[Saved data entries]
####

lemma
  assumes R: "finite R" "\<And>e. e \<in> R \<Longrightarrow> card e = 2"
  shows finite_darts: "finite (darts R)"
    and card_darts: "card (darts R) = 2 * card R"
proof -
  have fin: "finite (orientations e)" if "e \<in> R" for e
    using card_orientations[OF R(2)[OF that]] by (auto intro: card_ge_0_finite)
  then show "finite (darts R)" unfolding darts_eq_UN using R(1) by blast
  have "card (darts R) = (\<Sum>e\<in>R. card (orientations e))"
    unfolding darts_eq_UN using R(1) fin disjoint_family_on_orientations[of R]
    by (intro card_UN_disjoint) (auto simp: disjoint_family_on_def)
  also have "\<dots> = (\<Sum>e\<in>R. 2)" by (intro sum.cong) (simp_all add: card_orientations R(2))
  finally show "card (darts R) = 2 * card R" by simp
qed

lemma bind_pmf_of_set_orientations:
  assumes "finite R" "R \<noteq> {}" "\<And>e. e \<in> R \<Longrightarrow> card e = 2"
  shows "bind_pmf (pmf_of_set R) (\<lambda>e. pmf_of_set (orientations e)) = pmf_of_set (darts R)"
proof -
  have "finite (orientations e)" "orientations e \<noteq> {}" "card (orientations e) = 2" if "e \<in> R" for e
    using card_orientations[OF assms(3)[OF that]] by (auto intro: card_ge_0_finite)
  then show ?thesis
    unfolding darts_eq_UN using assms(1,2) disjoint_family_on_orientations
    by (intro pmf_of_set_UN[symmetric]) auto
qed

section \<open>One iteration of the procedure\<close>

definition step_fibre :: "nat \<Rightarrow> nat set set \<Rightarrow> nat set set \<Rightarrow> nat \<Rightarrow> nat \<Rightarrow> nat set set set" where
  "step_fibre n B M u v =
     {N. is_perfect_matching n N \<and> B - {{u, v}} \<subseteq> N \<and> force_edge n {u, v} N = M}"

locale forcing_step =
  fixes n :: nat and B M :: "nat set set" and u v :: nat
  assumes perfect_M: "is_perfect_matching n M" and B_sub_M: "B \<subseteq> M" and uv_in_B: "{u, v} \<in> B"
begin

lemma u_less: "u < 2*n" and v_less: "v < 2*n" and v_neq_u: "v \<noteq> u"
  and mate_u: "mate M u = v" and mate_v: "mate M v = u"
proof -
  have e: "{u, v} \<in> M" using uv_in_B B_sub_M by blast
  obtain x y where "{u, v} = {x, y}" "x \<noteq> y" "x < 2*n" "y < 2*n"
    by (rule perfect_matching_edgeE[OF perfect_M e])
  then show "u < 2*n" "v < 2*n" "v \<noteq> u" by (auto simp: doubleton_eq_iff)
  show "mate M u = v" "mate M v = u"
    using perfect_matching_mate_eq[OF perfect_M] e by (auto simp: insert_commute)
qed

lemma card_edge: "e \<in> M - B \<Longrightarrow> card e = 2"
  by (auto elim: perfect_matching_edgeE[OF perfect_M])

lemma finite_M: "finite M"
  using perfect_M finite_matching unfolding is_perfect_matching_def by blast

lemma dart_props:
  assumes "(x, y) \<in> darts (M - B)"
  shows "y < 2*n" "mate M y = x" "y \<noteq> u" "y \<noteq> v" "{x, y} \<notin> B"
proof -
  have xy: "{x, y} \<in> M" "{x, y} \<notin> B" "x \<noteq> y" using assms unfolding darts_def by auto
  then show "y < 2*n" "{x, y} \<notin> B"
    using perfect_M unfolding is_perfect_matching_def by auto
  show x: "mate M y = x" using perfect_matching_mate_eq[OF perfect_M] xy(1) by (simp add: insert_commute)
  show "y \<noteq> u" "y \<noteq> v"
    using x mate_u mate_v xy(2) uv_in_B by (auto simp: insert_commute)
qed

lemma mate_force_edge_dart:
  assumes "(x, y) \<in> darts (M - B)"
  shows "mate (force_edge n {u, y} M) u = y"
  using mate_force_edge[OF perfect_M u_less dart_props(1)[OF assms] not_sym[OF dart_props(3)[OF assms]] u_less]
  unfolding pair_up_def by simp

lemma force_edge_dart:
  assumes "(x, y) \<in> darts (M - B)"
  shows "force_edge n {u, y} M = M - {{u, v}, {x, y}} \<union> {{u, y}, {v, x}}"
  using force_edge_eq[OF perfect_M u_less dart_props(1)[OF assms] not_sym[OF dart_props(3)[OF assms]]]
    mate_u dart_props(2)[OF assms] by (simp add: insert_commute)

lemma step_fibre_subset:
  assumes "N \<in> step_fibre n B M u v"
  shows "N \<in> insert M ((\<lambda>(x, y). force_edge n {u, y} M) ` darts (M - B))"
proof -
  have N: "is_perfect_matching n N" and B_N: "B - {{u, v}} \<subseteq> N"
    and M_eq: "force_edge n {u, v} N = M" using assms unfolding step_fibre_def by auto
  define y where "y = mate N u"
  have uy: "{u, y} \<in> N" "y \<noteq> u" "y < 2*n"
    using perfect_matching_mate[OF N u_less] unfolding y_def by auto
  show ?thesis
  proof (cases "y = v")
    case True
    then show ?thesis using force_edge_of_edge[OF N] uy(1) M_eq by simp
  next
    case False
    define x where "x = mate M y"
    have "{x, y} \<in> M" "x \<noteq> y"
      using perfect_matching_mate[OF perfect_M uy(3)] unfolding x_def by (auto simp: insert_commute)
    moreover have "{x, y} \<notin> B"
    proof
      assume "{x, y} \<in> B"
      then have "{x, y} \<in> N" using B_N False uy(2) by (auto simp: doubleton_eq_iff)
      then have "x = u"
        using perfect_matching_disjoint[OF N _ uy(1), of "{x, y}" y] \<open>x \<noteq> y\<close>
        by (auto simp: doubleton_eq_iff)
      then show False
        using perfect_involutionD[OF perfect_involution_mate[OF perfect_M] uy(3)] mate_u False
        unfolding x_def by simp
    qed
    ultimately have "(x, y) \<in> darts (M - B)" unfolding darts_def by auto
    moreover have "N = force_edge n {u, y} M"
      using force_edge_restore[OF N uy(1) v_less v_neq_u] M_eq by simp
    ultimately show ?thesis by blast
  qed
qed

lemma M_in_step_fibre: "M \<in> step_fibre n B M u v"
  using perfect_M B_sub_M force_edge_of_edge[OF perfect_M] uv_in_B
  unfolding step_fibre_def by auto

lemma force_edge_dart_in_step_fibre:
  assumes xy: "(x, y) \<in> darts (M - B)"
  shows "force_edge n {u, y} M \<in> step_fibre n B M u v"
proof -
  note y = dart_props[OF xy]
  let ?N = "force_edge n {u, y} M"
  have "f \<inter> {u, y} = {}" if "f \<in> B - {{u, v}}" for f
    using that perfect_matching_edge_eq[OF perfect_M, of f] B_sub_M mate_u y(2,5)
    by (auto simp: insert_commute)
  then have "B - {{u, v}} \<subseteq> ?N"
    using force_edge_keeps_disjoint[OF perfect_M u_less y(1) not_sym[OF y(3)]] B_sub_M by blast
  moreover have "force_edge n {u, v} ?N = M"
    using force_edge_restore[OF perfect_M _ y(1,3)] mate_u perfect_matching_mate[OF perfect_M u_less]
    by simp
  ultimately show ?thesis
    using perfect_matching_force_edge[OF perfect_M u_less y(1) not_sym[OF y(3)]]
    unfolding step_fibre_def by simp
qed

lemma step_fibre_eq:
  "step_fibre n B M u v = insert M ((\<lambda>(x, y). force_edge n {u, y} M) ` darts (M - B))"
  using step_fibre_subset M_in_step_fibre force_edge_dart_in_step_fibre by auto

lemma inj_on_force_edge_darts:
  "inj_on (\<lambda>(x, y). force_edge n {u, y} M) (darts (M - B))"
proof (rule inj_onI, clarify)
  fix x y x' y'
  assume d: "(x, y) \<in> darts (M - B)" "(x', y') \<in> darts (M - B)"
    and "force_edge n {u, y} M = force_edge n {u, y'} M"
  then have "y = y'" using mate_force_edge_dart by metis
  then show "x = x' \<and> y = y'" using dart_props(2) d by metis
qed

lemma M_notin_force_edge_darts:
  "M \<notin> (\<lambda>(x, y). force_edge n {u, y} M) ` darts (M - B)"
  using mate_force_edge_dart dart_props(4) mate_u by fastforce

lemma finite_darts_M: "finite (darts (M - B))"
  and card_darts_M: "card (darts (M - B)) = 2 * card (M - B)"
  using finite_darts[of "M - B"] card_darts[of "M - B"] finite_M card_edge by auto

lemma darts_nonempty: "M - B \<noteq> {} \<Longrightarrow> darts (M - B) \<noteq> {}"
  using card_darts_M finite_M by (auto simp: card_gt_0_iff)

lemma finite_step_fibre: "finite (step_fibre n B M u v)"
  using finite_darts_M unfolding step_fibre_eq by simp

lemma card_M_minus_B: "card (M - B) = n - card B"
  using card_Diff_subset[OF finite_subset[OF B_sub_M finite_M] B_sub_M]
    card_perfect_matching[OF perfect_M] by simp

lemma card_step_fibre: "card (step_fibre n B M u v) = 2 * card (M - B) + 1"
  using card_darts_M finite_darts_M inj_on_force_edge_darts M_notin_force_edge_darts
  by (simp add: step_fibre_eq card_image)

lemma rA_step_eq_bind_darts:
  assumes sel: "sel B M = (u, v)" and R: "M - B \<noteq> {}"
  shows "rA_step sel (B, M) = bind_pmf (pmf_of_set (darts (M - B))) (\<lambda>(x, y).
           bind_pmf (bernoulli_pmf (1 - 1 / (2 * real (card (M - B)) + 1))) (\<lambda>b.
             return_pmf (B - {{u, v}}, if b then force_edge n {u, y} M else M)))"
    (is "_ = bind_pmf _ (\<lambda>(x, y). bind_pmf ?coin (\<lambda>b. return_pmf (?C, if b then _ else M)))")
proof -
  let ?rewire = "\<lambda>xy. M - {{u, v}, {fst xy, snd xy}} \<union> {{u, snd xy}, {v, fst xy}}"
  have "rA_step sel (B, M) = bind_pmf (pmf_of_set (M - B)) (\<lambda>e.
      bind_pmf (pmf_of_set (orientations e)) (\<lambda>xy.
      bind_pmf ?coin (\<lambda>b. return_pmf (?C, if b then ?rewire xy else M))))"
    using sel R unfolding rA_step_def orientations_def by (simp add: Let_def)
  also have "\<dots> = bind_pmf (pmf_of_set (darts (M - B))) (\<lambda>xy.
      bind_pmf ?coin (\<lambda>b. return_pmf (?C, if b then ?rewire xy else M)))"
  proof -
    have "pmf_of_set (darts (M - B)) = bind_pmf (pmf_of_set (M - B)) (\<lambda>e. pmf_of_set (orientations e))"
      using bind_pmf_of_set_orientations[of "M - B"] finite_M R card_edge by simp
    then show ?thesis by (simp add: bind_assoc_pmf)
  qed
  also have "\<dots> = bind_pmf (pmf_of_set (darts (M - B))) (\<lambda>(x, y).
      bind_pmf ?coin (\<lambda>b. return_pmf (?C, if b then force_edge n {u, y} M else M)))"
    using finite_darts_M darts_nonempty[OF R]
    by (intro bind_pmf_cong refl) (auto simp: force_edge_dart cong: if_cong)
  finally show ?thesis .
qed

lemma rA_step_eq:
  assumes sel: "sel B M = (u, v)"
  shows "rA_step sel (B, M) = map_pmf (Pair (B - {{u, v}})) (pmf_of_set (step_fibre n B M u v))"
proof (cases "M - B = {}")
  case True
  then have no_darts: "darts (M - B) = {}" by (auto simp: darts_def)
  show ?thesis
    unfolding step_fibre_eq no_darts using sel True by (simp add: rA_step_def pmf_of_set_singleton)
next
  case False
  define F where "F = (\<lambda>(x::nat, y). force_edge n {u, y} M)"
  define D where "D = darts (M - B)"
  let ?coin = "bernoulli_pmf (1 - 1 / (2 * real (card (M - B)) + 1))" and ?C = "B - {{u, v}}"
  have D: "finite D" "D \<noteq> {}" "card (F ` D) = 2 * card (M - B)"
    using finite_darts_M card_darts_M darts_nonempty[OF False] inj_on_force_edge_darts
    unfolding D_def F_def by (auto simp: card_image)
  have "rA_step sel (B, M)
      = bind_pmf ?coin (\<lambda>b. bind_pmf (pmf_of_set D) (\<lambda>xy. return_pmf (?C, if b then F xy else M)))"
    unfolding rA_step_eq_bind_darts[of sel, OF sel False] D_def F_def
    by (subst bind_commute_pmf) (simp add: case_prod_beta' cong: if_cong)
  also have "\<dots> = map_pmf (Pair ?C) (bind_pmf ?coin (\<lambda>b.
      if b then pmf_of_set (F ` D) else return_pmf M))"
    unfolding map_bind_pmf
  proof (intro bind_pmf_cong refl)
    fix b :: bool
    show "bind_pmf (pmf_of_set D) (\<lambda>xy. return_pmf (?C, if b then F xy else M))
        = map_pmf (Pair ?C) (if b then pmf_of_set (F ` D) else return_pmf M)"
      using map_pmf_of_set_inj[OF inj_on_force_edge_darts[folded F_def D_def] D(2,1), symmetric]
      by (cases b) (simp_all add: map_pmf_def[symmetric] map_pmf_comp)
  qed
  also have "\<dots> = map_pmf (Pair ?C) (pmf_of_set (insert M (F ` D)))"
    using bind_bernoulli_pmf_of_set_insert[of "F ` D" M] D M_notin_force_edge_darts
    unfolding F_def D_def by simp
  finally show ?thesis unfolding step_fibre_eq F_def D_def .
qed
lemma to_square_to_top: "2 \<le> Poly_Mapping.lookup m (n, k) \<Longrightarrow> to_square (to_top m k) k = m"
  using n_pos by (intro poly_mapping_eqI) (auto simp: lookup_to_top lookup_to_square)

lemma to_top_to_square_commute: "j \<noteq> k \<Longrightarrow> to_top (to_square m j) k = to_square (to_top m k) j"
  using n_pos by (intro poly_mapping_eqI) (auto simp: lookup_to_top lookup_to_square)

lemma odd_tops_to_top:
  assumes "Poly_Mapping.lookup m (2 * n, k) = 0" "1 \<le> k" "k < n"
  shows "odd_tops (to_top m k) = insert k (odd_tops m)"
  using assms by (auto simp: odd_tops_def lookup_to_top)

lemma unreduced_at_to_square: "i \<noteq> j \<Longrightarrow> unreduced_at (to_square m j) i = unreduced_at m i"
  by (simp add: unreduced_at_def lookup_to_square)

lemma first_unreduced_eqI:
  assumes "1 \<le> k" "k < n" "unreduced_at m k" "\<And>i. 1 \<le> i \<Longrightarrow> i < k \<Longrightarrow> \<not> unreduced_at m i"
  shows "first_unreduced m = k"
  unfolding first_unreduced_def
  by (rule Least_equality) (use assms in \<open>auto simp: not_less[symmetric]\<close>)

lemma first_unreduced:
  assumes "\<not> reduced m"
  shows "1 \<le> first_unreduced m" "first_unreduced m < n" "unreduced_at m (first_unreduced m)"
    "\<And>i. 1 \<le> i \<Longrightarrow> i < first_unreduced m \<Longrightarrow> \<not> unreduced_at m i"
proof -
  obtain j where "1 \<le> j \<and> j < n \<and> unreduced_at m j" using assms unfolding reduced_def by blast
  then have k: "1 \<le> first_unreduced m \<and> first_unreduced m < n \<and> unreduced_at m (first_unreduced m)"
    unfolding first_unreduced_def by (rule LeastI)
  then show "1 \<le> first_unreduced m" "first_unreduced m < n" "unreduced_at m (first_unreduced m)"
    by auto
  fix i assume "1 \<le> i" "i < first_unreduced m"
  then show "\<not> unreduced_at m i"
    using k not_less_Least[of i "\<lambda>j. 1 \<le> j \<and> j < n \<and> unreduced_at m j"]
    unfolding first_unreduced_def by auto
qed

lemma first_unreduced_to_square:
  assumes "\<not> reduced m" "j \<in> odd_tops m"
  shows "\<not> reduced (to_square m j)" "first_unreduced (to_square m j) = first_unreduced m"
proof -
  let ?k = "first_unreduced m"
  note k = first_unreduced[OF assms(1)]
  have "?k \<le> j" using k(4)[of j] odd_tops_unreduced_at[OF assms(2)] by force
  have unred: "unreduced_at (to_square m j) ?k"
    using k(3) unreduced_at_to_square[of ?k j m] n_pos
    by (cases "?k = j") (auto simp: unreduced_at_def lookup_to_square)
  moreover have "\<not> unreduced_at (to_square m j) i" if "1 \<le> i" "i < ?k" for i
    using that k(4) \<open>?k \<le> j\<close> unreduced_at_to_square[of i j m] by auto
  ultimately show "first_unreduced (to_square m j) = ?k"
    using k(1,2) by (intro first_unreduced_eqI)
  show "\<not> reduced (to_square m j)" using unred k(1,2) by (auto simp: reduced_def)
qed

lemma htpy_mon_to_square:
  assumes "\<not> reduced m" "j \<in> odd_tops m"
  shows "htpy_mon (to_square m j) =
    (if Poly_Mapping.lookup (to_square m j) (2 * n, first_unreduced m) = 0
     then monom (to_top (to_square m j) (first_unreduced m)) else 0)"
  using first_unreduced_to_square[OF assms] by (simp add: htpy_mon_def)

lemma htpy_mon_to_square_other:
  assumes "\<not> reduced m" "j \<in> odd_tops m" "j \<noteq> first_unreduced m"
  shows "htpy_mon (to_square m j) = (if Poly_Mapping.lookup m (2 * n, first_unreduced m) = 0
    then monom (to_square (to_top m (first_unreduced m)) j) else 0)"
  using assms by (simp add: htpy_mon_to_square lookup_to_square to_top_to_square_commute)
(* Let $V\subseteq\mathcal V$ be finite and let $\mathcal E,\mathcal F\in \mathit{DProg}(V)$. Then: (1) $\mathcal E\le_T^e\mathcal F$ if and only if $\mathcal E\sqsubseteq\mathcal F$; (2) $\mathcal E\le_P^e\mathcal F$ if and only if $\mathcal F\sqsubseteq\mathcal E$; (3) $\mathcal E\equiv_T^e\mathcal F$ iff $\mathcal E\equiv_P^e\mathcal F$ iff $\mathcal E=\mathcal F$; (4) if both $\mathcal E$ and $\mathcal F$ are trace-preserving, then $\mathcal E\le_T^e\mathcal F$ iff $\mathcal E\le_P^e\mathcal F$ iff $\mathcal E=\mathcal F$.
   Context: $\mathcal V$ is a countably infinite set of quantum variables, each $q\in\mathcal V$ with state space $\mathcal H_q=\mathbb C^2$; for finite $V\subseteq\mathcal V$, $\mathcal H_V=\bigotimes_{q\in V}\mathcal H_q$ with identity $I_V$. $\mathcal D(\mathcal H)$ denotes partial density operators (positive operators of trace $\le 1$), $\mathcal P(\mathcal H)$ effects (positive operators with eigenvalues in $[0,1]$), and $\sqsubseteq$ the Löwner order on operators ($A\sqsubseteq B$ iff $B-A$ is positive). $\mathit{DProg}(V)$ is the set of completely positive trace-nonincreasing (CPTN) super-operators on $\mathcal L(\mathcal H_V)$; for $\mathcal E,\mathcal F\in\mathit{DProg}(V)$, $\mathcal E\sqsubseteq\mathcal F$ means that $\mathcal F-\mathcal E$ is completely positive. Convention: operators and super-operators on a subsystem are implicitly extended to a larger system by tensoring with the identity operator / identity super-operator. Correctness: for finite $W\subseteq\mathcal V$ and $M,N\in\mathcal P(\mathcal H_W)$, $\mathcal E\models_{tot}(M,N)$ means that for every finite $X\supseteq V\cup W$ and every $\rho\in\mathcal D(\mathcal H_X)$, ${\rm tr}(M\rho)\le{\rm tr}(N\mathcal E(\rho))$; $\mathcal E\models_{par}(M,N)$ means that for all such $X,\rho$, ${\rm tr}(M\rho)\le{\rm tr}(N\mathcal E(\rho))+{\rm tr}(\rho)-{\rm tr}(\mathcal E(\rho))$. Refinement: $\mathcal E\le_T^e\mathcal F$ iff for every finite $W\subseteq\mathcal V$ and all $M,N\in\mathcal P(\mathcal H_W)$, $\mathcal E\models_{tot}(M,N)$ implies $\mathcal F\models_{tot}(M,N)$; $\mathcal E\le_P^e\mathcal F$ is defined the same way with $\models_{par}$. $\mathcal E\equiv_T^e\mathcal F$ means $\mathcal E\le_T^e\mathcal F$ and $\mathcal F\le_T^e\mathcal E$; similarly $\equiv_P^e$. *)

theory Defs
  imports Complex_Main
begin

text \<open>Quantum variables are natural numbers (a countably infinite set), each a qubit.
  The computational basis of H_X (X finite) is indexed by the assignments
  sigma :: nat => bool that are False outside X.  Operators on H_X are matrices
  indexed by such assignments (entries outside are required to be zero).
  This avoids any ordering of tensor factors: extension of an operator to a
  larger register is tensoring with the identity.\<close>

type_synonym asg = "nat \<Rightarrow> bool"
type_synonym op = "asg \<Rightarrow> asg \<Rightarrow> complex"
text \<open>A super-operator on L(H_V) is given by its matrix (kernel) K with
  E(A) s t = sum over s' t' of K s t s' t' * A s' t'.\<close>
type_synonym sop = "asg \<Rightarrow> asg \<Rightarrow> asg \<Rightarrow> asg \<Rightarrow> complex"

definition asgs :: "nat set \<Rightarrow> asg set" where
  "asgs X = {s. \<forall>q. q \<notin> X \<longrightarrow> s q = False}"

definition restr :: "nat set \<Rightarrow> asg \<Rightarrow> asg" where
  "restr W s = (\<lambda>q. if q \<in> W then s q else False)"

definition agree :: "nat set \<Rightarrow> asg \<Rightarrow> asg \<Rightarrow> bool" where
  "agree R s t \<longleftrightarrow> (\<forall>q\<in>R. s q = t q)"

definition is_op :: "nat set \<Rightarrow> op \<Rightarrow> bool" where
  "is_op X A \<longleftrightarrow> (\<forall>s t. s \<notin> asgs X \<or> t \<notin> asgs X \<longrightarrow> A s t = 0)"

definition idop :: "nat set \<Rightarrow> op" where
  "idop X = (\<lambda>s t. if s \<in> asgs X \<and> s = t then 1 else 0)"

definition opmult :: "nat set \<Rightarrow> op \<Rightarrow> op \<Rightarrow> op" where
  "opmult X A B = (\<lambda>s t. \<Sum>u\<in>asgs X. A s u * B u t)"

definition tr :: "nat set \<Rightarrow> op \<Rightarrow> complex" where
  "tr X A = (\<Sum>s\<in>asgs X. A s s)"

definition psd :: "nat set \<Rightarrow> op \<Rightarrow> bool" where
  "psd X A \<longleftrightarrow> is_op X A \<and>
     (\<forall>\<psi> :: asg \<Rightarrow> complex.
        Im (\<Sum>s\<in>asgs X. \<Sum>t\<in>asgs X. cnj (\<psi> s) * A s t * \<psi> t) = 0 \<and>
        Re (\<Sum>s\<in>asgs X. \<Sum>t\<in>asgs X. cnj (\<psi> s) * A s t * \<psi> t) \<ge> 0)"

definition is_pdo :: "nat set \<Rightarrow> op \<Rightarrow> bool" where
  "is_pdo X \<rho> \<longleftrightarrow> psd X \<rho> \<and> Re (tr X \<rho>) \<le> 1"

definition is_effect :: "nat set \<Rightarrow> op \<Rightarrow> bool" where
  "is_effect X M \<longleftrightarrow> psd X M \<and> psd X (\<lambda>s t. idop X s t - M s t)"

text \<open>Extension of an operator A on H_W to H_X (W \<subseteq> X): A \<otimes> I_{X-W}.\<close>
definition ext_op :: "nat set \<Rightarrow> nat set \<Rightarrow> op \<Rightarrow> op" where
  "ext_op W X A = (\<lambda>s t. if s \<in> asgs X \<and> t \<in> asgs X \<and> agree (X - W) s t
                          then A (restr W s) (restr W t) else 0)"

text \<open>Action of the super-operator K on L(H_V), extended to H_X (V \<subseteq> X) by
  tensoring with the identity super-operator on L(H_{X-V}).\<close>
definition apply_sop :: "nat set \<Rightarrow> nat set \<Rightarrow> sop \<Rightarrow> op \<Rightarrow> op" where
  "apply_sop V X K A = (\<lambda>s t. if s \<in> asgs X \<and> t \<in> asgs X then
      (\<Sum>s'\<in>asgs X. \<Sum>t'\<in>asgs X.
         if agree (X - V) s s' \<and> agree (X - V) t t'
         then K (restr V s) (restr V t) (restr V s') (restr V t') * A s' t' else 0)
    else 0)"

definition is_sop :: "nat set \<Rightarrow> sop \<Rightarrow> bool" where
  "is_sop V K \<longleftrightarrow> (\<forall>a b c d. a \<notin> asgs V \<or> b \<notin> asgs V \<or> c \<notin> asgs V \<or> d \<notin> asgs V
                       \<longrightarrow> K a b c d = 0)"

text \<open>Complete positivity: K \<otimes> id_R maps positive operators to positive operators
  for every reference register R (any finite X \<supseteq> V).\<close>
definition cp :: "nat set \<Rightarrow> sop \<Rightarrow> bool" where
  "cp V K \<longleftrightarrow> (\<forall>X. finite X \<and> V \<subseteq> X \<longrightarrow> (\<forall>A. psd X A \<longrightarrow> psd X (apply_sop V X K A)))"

####

> Problem to solve
Among the lines above, find the ones containing "False" and copy them.

> Output of the exercise
    case False
      then have "{x, y} \<in> N" using B_N False uy(2) by (auto simp: doubleton_eq_iff)
      then show False
        using perfect_involutionD[OF perfect_involution_mate[OF perfect_M] uy(3)] mate_u False
  case False
    using finite_darts_M card_darts_M darts_nonempty[OF False] inj_on_force_edge_darts
    unfolding rA_step_eq_bind_darts[of sel, OF sel False] D_def F_def
  sigma :: nat => bool that are False outside X.  Operators on H_X are matrices
  "asgs X = {s. \<forall>q. q \<notin> X \<longrightarrow> s q = False}"
  "restr W s = (\<lambda>q. if q \<in> W then s q else False)"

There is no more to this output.